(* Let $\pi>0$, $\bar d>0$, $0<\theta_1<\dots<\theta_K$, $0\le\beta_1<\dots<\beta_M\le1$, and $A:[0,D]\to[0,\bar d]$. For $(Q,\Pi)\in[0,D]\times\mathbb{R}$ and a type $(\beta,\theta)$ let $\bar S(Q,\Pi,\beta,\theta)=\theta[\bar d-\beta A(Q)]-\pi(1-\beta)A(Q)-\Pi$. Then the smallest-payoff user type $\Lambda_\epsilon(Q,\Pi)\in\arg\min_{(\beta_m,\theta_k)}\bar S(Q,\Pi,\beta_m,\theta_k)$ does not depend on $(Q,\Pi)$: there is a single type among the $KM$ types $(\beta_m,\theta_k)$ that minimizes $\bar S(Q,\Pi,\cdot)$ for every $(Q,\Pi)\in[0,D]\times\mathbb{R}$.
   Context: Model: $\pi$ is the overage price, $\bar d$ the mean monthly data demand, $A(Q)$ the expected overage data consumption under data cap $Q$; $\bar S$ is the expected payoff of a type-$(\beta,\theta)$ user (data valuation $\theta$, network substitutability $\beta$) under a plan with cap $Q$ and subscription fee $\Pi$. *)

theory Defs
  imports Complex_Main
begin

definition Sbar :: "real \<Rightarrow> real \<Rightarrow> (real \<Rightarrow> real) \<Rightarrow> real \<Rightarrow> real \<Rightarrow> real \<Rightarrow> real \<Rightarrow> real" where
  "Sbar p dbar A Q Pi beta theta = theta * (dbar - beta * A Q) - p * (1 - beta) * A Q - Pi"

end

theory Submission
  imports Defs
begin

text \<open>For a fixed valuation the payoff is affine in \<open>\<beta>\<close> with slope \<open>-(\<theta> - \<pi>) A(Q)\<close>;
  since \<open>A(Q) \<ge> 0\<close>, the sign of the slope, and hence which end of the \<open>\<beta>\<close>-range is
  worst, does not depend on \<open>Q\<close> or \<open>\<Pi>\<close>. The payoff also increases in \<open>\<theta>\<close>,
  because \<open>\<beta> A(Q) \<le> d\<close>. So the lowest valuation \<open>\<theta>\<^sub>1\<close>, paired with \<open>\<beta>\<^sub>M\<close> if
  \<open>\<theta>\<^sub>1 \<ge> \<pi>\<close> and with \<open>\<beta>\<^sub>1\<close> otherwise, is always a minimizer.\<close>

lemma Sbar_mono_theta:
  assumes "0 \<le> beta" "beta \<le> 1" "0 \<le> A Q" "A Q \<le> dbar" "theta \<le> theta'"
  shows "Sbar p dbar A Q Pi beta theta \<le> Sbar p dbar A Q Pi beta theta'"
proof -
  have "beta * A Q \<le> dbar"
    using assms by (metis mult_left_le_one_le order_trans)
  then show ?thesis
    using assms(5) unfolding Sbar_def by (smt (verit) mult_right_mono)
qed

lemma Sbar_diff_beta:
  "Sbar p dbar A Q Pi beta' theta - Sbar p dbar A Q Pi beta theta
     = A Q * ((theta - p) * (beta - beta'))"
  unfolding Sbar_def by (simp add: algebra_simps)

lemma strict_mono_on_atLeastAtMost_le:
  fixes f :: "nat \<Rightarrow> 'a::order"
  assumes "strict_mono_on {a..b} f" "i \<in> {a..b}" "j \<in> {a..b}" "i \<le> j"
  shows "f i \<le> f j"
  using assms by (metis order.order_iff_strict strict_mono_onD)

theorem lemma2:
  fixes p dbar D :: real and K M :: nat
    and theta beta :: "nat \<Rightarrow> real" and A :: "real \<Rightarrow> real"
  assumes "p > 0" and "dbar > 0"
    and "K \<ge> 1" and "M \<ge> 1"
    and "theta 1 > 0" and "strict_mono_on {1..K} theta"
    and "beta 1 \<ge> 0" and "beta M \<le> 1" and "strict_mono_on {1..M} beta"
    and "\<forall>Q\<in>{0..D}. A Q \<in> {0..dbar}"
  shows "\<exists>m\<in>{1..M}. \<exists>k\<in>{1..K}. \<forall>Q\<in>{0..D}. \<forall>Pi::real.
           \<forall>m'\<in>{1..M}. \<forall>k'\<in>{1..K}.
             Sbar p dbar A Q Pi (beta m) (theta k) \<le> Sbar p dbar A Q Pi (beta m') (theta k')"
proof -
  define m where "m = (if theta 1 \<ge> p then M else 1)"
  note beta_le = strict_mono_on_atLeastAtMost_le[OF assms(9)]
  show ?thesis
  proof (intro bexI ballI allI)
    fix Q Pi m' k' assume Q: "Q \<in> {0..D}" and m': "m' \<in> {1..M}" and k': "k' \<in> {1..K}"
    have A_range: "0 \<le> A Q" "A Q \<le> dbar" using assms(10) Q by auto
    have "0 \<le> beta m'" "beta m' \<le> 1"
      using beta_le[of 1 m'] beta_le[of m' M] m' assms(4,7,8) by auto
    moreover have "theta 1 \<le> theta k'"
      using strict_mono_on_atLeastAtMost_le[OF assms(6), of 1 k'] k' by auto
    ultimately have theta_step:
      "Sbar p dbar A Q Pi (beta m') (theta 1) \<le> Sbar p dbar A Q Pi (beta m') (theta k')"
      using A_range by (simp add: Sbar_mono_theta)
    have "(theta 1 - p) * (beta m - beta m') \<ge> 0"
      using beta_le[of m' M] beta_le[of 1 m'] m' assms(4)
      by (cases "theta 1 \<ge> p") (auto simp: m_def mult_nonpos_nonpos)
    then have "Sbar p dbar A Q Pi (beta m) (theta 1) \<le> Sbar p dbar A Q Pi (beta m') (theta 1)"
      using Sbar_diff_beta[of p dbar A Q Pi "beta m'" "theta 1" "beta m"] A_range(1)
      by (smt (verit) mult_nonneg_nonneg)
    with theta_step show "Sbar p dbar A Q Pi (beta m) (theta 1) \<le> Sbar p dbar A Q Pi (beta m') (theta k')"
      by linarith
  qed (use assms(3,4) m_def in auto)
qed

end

--------------------

• WHAT YOU WILL DO: Give the count of lines in the entries above that hold the word "real", with no other words.

• RESULT OF THE TASK: 4